Thirdly, the sensitivity of GAT variants to initialization and hyperparameters remains an open challenge, especially in smaller or highly irregular districts. Future research is recommended to explore the development of adaptive graph construction strategies and automated feature selection, integrating these strategies with simulation-based or sensor-derived energy datasets. This integration aims to enhance the system’s robustness and generalization capabilities. Furthermore, extending the methodology to encompass temporal dynamics or transfer learning across cities signifies a valuable direction for expanding the application to more extensive policy and planning contexts.
Finally, as graph-based models become increasingly expressive and complex, computational efficiency emerges as a key consideration for real-world deployment, particularly in large-scale urban scenarios. The elevated resource demands of attention-based GNNs (e.g., GAT variants) may limit their practical applications. To address this issue, it is recommended that future research explore optimization strategies such as graph sparsification, dynamic subgraph sampling, and parallel or distributed training. These approaches have the potential to significantly reduce computational overhead, thereby enabling the adoption of advanced GNN architectures for city-scale energy modeling and real-time policy support.

6. Conclusions and Future Work

The present study systematically benchmarked conventional and graph-based neural network architectures for urban building energy modeling across three representative residential districts with diverse spatial morphologies. Integrating domain-informed edge attributes, encompassing inter-building distance and orientation, into advanced graph attention frameworks has substantially enhanced predictive accuracy, generalization, and robustness compared to traditional attribute-only models and basic graph convolutions. This enhancement in performance is attributed to the incorporation of physics-aware GNNs.
A rigorous experimental process across various districts determined that the GraphSAGE model consistently demonstrates optimal performance across urban forms. Conversely, the optimal design of GAT edge features is contingent upon the specific local spatial context. The findings of this study demonstrate that the incorporation of real-world physical relationships into the construction of graphs and the process of message passing is imperative for effectively capturing the multifaceted drivers of energy utilization in heterogeneous urban environments. Furthermore, the discernible correlation between model performance and urban morphological characteristics offers valuable interpretability, facilitating transparent and data-driven decision-making processes concerning urban retrofitting and energy policy.
The present study highlights several practical implications for urban energy management and policy creation. Firstly, graph-based frameworks—particularly those incorporating interpretable and physically meaningful features—provide a scalable, robust, and transferable foundation for large-scale analysis of building energy performance in diverse city contexts. This facilitates the systematic capture of spatial interactions by city planners and engineers, the identification of high-impact zones, and the prioritization of interventions across entire urban districts.
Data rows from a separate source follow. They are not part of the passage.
lemma weighted_cdf_le_tail:
  assumes "\<alpha> \<noteq> 2" "xi \<le> V" "s - \<eta> < -1" "xi \<le> x"
    and f_le: "\<And>v. V \<le> v \<Longrightarrow> f v \<le> 2 * C * v powr (- \<eta>)"
    and weight_le: "\<And>v. V \<le> v \<Longrightarrow> v powr (1 / (\<alpha> - 2)) \<le> v powr s"
  shows "weighted_cdf \<alpha> x \<le> weighted_cdf \<alpha> V
           + \<bar>\<alpha> - 2\<bar> powr (1 / (\<alpha> - 2)) * (2 * C) / (\<eta> - s - 1) * V powr (s - \<eta> + 1)"
proof -
  define y where "y = max x V"
  have "weighted_cdf \<alpha> x \<le> weighted_cdf \<alpha> y"
    using assms by (intro weighted_cdf_mono) (auto simp: y_def)
  also have "\<dots> = weighted_cdf \<alpha> V + integral {V..y} (\<lambda>v. up_weight \<alpha> v * f v)"
    using assms by (intro weighted_cdf_split) (auto simp: y_def)
  also have "integral {V..y} (\<lambda>v. up_weight \<alpha> v * f v)
               \<le> \<bar>\<alpha> - 2\<bar> powr (1 / (\<alpha> - 2)) * (2 * C) / (- (s - \<eta>) - 1) * V powr (s - \<eta> + 1)"
    using assms xi_pos C_pos
    by (intro integral_le_powr_tail weighted_density_integrable_on weighted_density_le) (auto simp: y_def)
  finally show ?thesis
    by (simp add: algebra_simps)
qed

lemma weighted_cdf_bounded:
  assumes "\<alpha> \<noteq> 2" "1 / (\<alpha> - 2) - \<eta> + 1 < 0"
  obtains B where "\<And>x. xi \<le> x \<Longrightarrow> weighted_cdf \<alpha> x \<le> B"
proof -
  obtain V0 where V0: "\<And>v. V0 \<le> v \<Longrightarrow> f v \<le> 2 * C * v powr (- \<eta>)"
    using eventually_density_le by (auto simp: eventually_at_top_linorder)
  show ?thesis
    using assms weighted_cdf_le_tail[of \<alpha> "max V0 xi" "1 / (\<alpha> - 2)"] V0
    by (intro that) auto
qed

lemma Up_support_compact:
  assumes "\<alpha> < 2 \<or> 2 + 1 / (\<eta> - 1) < \<alpha>"
  shows "compact (closure {u. Up \<alpha> xi f u \<noteq> 0})"
proof -
  have "\<alpha> \<noteq> 2"
    using assms eta_gt_1 by auto
  moreover obtain B where "\<And>x. xi \<le> x \<Longrightarrow> weighted_cdf \<alpha> x \<le> B"
    using weighted_cdf_bounded[OF _ tail_exponent_neg[OF eta_gt_1 assms]] \<open>\<alpha> \<noteq> 2\<close>
    by blast
  ultimately have "{u. Up \<alpha> xi f u \<noteq> 0} \<subseteq> {-B..0}"
    by (rule Up_support_subset)
  then have "bounded {u. Up \<alpha> xi f u \<noteq> 0}"
    by (rule bounded_subset[rotated]) simp
  then show ?thesis
    by simp
qed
Secondly, the demonstrated generalization ability of GNN models indicates that a single, well-calibrated architecture can be reliably deployed across different cities or neighborhoods. This would streamline the workflow for energy retrofit planning, policy assessment, and scenario analysis in aging residential areas. In practice, this suggests that data-driven, physics-aware GNNs have the potential to enable more targeted, efficient, and evidence-based decision-making processes for sustainable urban transformation.
Nevertheless, this study also highlights several open challenges that warrant further investigation. Chief among these is the need for broader geographic and climatic validation across diverse urban forms, including cities, climate zones, and more complex building typologies. The integration of richer contextual and operational factors and the further development of adaptive graph construction techniques to capture urban complexity more effectively are identified as additional challenges. Incorporating additional physical factors (e.g., wind exposure, thermal mass, occupancy schedules) into the definition of edge or node attributes can enhance the accuracy of models. However, the extraction of such data at the urban scale remains a challenging endeavor. Furthermore, incorporating temporal dynamics, such as seasonal and operational variations, remains a critical direction for comprehensive UBEM. Whilst the present study focuses on static energy modeling, future work will explore integrating time-series data via hybrid frameworks to enable spatiotemporal urban energy prediction. It is recommended that future research place a greater emphasis on the incorporation of temporal and multimodal data sources, the advancement of automated model selection processes, and the application of transfer learning methods. These strategies hold significant promise for enhancing the scalability, robustness, and practical utility of GNN-based frameworks in real-world urban energy management. Furthermore, as the intricacy of graph-based models rises, future endeavors should concentrate on formulating computational optimization strategies, such as graph sparsification and dynamic sampling, to guarantee the scalability and practical implementation of advanced GNN architectures in large-scale, real-world urban energy applications.
This study provides substantial empirical and methodological evidence for adopting physics-informed GNNs in urban building energy modeling. This paves the way for more interpretable, accurate, and generalizable tools for sustainable city planning and building retrofit. The proposed framework facilitates rapid, district-scale evaluation of energy consumption patterns in legacy urban residential areas where detailed monitoring data are unavailable. This capability is of particular value in supporting data-driven policy formulation, prioritization of retrofit investments, and the development of scalable retrofit strategies in large, morphologically homogeneous urban neighborhoods. The provision of actionable insights for policymakers and practitioners is a direct contribution of this work to accelerating urban decarbonization and effectively implementing building retrofit programs in data-sparse environments.

Author Contributions

Conceptualization, R.S.; methodology, R.S.; software, H.N.; validation, Q.X., X.S. and M.G.; formal analysis, R.S.; investigation, H.N. and X.J.; resources, R.S.; data curation, Q.X. and X.S.; writing—original draft preparation, R.S.; writing—review and editing, R.S.; visualization, H.N.; supervision, R.S.; project administration, R.S.; funding acquisition, R.S. All authors have read and agreed to the published version of the manuscript.

Funding

This work was financially supported by the Liaoning Provincial Natural Science Foundation Joint Fund (grant number: 2023-MSBA-102) and the Fundamental Research Funds for the Central Universities (grant number: N2311003).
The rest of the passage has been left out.